(Beginning of DATASET EXTRACT)
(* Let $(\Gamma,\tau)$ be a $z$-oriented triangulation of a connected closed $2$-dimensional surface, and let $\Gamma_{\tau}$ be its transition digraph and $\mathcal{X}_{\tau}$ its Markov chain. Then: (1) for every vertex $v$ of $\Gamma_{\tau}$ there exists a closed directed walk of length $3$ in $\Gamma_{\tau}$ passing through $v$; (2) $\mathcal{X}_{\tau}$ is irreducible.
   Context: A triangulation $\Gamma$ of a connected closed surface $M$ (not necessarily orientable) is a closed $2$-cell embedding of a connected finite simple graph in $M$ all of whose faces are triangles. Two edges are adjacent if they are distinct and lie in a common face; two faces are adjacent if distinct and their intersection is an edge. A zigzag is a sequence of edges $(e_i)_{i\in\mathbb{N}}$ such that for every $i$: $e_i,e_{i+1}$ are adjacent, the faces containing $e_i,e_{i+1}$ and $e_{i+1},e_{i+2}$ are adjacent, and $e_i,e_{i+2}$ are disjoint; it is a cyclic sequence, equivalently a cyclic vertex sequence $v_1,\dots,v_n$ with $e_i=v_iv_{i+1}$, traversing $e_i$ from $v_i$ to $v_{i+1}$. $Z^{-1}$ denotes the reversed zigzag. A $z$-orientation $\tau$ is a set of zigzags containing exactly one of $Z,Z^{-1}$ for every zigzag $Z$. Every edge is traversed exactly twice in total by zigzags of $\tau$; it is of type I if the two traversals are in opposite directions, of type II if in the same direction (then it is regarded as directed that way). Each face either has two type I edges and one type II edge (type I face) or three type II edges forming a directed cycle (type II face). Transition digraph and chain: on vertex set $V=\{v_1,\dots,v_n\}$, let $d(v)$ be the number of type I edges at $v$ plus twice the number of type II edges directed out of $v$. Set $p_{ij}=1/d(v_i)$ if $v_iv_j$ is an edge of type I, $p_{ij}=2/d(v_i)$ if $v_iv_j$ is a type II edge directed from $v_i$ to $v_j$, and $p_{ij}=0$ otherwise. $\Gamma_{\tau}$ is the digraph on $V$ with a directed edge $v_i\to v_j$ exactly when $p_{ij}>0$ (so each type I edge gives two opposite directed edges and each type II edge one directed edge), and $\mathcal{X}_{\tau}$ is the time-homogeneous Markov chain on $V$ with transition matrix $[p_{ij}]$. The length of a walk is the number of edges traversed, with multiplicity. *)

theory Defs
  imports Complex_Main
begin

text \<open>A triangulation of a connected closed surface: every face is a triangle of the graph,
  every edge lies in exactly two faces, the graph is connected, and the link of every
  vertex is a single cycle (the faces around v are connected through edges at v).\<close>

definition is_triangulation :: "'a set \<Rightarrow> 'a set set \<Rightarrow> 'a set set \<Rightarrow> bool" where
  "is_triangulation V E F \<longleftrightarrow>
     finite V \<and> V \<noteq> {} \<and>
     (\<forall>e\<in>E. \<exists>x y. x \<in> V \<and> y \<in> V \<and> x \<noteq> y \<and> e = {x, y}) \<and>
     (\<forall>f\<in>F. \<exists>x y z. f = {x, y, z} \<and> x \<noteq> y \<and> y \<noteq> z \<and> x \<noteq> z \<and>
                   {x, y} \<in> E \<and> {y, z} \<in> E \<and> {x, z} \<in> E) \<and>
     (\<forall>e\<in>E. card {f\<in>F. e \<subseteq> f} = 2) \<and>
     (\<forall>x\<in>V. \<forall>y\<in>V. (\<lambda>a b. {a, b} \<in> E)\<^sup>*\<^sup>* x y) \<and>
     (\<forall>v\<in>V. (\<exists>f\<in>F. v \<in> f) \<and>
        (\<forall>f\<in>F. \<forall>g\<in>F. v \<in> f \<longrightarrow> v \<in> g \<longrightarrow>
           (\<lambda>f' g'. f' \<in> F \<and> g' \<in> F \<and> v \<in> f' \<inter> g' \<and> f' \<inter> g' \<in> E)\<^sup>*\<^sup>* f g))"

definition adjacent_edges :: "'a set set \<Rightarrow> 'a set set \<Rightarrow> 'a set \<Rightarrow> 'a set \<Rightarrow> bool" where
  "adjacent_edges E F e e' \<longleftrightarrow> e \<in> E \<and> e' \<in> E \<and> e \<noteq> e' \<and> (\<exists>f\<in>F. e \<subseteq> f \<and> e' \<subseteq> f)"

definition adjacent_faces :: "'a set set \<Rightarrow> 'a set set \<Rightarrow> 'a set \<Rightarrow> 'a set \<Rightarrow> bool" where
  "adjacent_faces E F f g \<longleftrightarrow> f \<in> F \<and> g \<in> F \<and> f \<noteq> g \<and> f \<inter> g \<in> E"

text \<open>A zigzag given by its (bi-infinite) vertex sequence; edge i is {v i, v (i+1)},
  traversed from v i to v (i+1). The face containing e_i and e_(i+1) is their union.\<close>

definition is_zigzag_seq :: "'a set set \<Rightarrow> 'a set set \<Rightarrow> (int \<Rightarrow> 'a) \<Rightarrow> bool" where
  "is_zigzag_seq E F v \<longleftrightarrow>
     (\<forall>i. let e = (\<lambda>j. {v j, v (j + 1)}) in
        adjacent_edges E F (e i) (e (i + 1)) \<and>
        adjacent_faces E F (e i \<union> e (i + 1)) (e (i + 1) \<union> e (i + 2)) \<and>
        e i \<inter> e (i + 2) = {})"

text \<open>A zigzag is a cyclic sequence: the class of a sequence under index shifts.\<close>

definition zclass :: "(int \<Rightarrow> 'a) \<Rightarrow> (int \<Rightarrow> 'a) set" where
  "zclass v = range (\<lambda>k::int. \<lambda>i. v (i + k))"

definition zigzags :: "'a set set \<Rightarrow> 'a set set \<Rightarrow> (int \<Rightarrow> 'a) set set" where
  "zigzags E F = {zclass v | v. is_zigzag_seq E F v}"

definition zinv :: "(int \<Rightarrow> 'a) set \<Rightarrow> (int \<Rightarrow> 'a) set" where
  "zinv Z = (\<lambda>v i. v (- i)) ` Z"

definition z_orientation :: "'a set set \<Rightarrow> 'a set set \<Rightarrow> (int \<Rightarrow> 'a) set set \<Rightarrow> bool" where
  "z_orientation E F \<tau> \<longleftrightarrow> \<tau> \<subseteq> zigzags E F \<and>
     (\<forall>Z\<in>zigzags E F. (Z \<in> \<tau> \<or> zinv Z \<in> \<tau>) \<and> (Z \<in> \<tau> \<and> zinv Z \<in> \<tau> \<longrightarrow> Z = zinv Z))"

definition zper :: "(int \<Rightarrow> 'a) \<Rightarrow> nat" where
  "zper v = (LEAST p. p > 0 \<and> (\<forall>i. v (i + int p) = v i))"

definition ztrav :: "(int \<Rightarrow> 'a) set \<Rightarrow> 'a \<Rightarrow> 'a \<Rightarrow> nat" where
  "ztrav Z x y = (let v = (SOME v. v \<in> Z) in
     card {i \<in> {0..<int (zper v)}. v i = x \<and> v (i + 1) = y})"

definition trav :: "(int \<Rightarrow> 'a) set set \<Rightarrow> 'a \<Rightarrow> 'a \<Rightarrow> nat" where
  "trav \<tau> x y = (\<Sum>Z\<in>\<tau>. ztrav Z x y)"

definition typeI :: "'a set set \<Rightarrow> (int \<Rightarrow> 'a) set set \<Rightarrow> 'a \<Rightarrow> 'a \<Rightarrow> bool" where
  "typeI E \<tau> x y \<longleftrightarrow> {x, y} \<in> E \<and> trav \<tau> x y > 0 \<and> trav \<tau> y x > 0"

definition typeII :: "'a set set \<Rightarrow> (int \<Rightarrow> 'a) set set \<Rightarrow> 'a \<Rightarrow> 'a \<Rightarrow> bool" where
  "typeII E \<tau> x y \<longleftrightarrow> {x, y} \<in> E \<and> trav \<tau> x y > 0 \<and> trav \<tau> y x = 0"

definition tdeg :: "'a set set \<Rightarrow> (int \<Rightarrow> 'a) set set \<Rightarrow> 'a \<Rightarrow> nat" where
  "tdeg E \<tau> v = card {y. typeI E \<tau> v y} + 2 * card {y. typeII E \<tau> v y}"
(End of DATASET EXTRACT)
→ **EXERCISE INSTRUCTIONS**
The entries above hold the needed span. Transcribe exactly the lines from the one with "Z = (\<lambda>v" to the one with "y = (\<Sum>Z\<in>\<tau>.", both included.

→ **THE ANSWER**
  "zinv Z = (\<lambda>v i. v (- i)) ` Z"

definition z_orientation :: "'a set set \<Rightarrow> 'a set set \<Rightarrow> (int \<Rightarrow> 'a) set set \<Rightarrow> bool" where
  "z_orientation E F \<tau> \<longleftrightarrow> \<tau> \<subseteq> zigzags E F \<and>
     (\<forall>Z\<in>zigzags E F. (Z \<in> \<tau> \<or> zinv Z \<in> \<tau>) \<and> (Z \<in> \<tau> \<and> zinv Z \<in> \<tau> \<longrightarrow> Z = zinv Z))"

definition zper :: "(int \<Rightarrow> 'a) \<Rightarrow> nat" where
  "zper v = (LEAST p. p > 0 \<and> (\<forall>i. v (i + int p) = v i))"

definition ztrav :: "(int \<Rightarrow> 'a) set \<Rightarrow> 'a \<Rightarrow> 'a \<Rightarrow> nat" where
  "ztrav Z x y = (let v = (SOME v. v \<in> Z) in
     card {i \<in> {0..<int (zper v)}. v i = x \<and> v (i + 1) = y})"

definition trav :: "(int \<Rightarrow> 'a) set set \<Rightarrow> 'a \<Rightarrow> 'a \<Rightarrow> nat" where
  "trav \<tau> x y = (\<Sum>Z\<in>\<tau>. ztrav Z x y)"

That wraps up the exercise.